| Aim of the task |
Among the lines of the records below, copy those that hold the word "proof".

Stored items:
——

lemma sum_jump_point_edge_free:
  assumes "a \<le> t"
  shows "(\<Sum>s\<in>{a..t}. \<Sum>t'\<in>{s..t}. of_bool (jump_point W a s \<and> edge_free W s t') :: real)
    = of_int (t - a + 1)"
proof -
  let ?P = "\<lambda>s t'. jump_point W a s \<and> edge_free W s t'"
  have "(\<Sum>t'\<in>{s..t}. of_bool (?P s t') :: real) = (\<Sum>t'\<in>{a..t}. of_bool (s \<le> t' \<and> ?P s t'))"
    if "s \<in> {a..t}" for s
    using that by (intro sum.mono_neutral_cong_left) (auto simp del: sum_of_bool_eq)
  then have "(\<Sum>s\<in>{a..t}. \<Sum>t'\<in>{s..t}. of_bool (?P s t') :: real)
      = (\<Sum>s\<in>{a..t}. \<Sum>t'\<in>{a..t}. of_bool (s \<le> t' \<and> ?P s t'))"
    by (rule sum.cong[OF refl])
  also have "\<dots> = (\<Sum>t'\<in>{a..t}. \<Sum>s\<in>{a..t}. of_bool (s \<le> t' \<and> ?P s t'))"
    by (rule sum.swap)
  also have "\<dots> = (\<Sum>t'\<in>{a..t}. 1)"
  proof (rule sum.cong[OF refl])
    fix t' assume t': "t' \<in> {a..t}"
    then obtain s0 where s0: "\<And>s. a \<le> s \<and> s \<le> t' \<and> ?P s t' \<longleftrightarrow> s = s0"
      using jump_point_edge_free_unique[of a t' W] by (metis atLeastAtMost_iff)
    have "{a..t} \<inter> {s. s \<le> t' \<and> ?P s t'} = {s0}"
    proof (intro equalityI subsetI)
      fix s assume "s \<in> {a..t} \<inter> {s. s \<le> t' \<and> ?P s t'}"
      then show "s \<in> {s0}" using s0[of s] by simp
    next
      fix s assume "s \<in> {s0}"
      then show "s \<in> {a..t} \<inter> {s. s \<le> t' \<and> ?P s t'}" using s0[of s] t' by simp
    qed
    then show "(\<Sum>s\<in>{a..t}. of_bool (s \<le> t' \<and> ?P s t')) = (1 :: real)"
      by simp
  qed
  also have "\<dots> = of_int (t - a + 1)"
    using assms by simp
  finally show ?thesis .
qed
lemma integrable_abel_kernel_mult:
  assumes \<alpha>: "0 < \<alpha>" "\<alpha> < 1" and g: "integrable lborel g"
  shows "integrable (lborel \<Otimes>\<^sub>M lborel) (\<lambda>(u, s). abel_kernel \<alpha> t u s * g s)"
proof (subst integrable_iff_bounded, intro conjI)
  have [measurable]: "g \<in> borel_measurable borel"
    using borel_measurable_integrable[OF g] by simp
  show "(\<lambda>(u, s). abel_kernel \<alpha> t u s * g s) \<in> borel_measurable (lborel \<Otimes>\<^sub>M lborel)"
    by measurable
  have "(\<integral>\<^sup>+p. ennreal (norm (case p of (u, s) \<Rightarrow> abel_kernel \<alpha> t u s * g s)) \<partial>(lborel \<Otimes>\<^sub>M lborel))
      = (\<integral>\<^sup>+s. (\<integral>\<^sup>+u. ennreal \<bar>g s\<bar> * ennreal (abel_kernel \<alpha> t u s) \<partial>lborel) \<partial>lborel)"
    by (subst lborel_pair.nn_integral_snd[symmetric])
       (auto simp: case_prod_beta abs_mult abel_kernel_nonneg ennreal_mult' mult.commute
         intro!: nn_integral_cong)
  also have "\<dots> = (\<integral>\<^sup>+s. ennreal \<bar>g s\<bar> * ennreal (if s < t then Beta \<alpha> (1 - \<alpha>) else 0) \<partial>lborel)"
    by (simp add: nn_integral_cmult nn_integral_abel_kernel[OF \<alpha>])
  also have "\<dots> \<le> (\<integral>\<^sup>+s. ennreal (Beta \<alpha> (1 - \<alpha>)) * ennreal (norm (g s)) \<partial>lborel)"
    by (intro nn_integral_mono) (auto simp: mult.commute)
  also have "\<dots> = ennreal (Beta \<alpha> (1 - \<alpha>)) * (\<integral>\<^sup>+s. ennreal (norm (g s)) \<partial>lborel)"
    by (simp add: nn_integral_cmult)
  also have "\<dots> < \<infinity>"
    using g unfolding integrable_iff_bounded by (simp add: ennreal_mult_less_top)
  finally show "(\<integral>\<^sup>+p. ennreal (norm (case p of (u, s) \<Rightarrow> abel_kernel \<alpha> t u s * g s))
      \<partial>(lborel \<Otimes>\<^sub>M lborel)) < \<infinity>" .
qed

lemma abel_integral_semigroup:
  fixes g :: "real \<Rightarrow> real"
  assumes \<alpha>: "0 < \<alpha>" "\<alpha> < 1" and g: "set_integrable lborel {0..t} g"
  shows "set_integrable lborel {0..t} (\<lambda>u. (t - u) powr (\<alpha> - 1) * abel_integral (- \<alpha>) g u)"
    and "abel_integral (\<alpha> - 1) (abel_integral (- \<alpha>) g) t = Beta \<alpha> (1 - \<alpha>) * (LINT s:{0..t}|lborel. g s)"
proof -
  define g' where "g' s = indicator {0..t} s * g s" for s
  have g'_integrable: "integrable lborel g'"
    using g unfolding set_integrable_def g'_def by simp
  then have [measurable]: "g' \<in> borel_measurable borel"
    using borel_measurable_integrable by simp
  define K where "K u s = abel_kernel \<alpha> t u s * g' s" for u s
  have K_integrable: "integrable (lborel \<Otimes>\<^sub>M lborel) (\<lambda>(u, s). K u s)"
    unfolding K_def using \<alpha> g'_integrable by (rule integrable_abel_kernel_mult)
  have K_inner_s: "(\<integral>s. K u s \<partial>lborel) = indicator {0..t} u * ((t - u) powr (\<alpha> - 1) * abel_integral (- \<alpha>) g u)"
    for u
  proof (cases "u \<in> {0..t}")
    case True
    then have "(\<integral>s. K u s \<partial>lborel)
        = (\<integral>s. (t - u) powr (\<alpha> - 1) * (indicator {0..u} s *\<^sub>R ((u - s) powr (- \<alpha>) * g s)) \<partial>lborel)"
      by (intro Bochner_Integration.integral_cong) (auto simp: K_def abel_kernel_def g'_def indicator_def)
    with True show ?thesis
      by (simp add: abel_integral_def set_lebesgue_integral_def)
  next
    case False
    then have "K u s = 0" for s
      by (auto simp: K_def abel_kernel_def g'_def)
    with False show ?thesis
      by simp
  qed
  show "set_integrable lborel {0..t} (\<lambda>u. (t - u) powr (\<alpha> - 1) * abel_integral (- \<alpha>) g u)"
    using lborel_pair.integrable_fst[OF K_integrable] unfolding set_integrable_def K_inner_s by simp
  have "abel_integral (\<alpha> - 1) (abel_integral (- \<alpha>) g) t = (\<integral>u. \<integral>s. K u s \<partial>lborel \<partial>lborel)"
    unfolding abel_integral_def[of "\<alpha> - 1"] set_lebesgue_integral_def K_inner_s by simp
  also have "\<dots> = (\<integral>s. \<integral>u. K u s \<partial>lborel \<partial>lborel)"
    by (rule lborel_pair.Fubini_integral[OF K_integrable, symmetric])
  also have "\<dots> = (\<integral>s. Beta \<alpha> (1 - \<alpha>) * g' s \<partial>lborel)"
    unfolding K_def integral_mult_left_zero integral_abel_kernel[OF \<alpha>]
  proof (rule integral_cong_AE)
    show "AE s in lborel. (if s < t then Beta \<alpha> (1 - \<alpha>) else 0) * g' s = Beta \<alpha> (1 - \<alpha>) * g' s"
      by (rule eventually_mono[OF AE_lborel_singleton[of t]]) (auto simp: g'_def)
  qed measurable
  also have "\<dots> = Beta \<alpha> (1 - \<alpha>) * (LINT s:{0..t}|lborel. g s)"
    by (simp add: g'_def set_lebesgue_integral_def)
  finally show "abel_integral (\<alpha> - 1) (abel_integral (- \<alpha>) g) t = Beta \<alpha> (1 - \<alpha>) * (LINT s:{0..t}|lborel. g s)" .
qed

——

| Your solution |
proof -
  proof (rule sum.cong[OF refl])
    proof (intro equalityI subsetI)
proof (subst integrable_iff_bounded, intro conjI)
proof -
  proof (cases "u \<in> {0..t}")
  proof (rule integral_cong_AE)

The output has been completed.